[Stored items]
lemma residues_distinct_D:
  assumes "3 * k + 1 \<le> i" "i \<le> 6 * k" "t = 6 * k + 1 + u" "u \<le> 6 * k" "u \<le> 2 * (i - 3 * k) \<or> even u"
    "k > 0" "H8_index k (i * aa k + t) mod 3 = 1"
  shows "residues_distinct k (i * aa k + t)"
proof -
  have tl: "t < aa k"
    using assms aa_def[of k] by linarith
  have c0: "\<not> i \<le> 3 * k" "i \<noteq> 0" "\<not> t < 6 * k + 1" "6 * k + 1 \<le> t" "t - (6 * k + 1) = u"
    using assms by linarith+
  have e: "\<not> E_start k \<le> i * aa k + t"
    using below_E_start_D[of i k t] assms tl by linarith
  obtain s where s: "s = i * i" "s mod 3 = (if i mod 3 = 0 then 0 else 1)" "i \<le> s"
    by (rule obtain_square)
  have ic: "H8_index k (i * aa k + t) = s + 3 * k + 1 + run_pos (2 * (i - 3 * k)) u"
    using H8_index_row[OF tl(1), of i] c0 e s(1) by simp
  have "2 * (i - 3 * k) \<le> 6 * k"
    using assms(2) by linarith
  with assms(4,5) show ?thesis
  proof (cases rule: D_offset_cases)
    case 1
    have tl1: "t + 1 < aa k"
      using 1 assms aa_def[of k] by linarith
    have c: "\<not> 2 * (i - 3 * k) \<le> u" "\<not> 2 * (i - 3 * k) \<le> u + 1" "t + 1 - (6 * k + 1) = u + 1" "\<not> t + 1 < 6 * k + 1"
      using 1 assms by linarith+
    have n1: "H8_succ k (i * aa k + t) = i * aa k + t + 1"
      using H8_succ_row[OF tl, of i] c0 c by simp
    have n2: "H8_succ k (i * aa k + t + 1) = i * aa k + t + 1 + 1"
      using H8_succ_row[OF tl1, of i] c0 c by simp
    show ?thesis
      by (rule residues_distinct_run[OF n1 n2]) simp
  next
    case 2
    have tl1: "t + 1 < aa k"
      using 2 assms aa_def[of k] by linarith
    have c: "\<not> 2 * (i - 3 * k) \<le> u" "\<not> u + 1 < 6 * k" "t + 1 - (6 * k + 1) = u + 1" "\<not> t + 1 < 6 * k + 1"
      using 2 assms by linarith+
    have n1: "H8_succ k (i * aa k + t) = i * aa k + t + 1"
      using H8_succ_row[OF tl, of i] c0 c by simp
    have n2: "H8_succ k (i * aa k + t + 1) = i * aa k + t + 1 + 1"
      using H8_succ_row[OF tl1, of i] c0 c by simp
    show ?thesis
      by (rule residues_distinct_run[OF n1 n2]) simp
  next
    case 3
    have v: "(s + 3 * k + 1 + u) mod 3 = 1"
      using assms(7) ic 3 by (simp add: run_pos_le)
    have "(s + 3 * k + 1 + u) + 3 * k = s + 2 * i"
      using 3 assms(1) by arith
    then have "(s + 2 * i) mod 3 = 1"
      using v by (rule mod3_add_multiple)
    then have False
      using square_add_twice_mod3_ne_1[OF s(2)] by simp
    then show ?thesis ..
  next
    case 4
    have p: "run_pos (2 * (i - 3 * k)) (6 * k) = i"
      unfolding run_pos_def using assms by auto
    show ?thesis
    proof (cases "i = 3 * k + 1")
      case True
      have v: "(s + 3 * k + 1 + i) mod 3 = 1"
        using assms(7) ic 4 p by simp
      have "s mod 3 = 1"
        using s(2) True by presburger
      then have False
        using v True by presburger
      then show ?thesis ..
    next
      case False
      have ta: "t + 1 = aa k"
        using 4 assms aa_def[of k] by linarith
      have c: "\<not> u < 6 * k"
        using 4 by simp
      have n1: "H8_succ k (i * aa k + t) = i * aa k + t + 1"
        using H8_succ_row[OF tl, of i] c0 c 4 by simp
      have eq: "i * aa k + t + 1 = (i + 1) * aa k + 0"
        using ta by simp
      have c2: "\<not> i + 1 \<le> 3 * k" "\<not> 2 * (i + 1 - 2 - 3 * k) \<le> 0"
        using False assms(1) by linarith+
      have nf: "H8_succ k ((i + 1) * aa k + 0) = (i + 1) * aa k + 0 + 1"
        using H8_succ_row[of 0 k "i + 1"] aa_pos c2 by simp
      have n2: "H8_succ k (i * aa k + t + 1) = i * aa k + t + 1 + 1"
        unfolding eq by (rule nf)
      show ?thesis
        by (rule residues_distinct_run[OF n1 n2]) simp
    qed
  next
    case 5
    then have "2 * ((u - 2 * (i - 3 * k)) div 2) = u - 2 * (i - 3 * k)"
      by (intro even_two_times_div_two) simp
    with 5 have ue: "u = 2 * (i - 3 * k) + 2 * ((u - 2 * (i - 3 * k)) div 2)"
      by linarith
    show ?thesis
    proof (cases "u + 2 = 6 * k")
      case True
      have p: "run_pos (2 * (i - 3 * k)) u = 2 * (i - 3 * k) + (u - 2 * (i - 3 * k)) div 2"
        by (subst ue, rule run_pos_even)
      have v: "(s + 3 * k + 1 + (2 * (i - 3 * k) + (u - 2 * (i - 3 * k)) div 2)) mod 3 = 1"
        using assms(7) ic p by simp
      have "(s + 3 * k + 1 + (2 * (i - 3 * k) + (u - 2 * (i - 3 * k)) div 2)) + 3 * 0 = s + i + 3 * k"
        using True ue assms(1) by arith
      then have "(s + i + 3 * k) mod 3 = 1"
        using v by (rule mod3_add_multiple)
      then have "(s + i) mod 3 = 1"
        by simp
      then have False
        using square_add_mod3_ne_1[OF s(2)] by simp
      then show ?thesis ..
    next
      case False
      have u4: "u + 4 \<le> 6 * k"
        using 5 False by presburger
      have tl2: "t + 2 < aa k"
        using u4 assms aa_def[of k] by linarith
      have c: "2 * (i - 3 * k) \<le> u" "2 * (i - 3 * k) \<le> u + 2" "u < 6 * k" "u + 2 < 6 * k" "t + 2 - (6 * k + 1) = u + 2" "\<not> t + 2 < 6 * k + 1"
        using 5 u4 assms by linarith+
      have n1: "H8_succ k (i * aa k + t) = i * aa k + t + 2"
        using H8_succ_row[OF tl, of i] c0 c by simp
      have n2: "H8_succ k (i * aa k + t + 2) = i * aa k + t + 2 + 2"
        using H8_succ_row[OF tl2, of i] c0 c by simp
      show ?thesis
        by (rule residues_distinct_run[OF n1 n2]) simp
    qed
  qed
qed

lemma residues_distinct_of_in_rows:
  assumes "in_rows k x" "0 < k" "H8_index k x mod 3 = 1"
  shows "residues_distinct k x"
  using assms(1)
proof (cases rule: in_rows_cases)
  case E
  then show ?thesis
    by (rule residues_distinct_E)
next
  case zero
  then have "H8_index k x = 0"
    using H8_index_row[of 0 k 0] aa_pos by simp
  with assms(3) show ?thesis
    by simp
next
  case (A i j)
  with assms(3) show ?thesis
    using residues_distinct_A[of i k "2 * j" j] by simp
next
  case (B i j)
  with assms(3) show ?thesis
    using residues_distinct_B[OF _ _ refl, of i k j] by simp
next
  case (C i t)
  with assms(2,3) show ?thesis
    using residues_distinct_C[of k i t] by simp
next
  case (D i u)
  with assms(2,3) show ?thesis
    using residues_distinct_D[OF _ _ refl, of k i u] by simp
qed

> [Assignment] Read the records above. Show each line that has the string "presburger".

> [Exercise result]
        using s(2) True by presburger
        using v True by presburger
        using 5 False by presburger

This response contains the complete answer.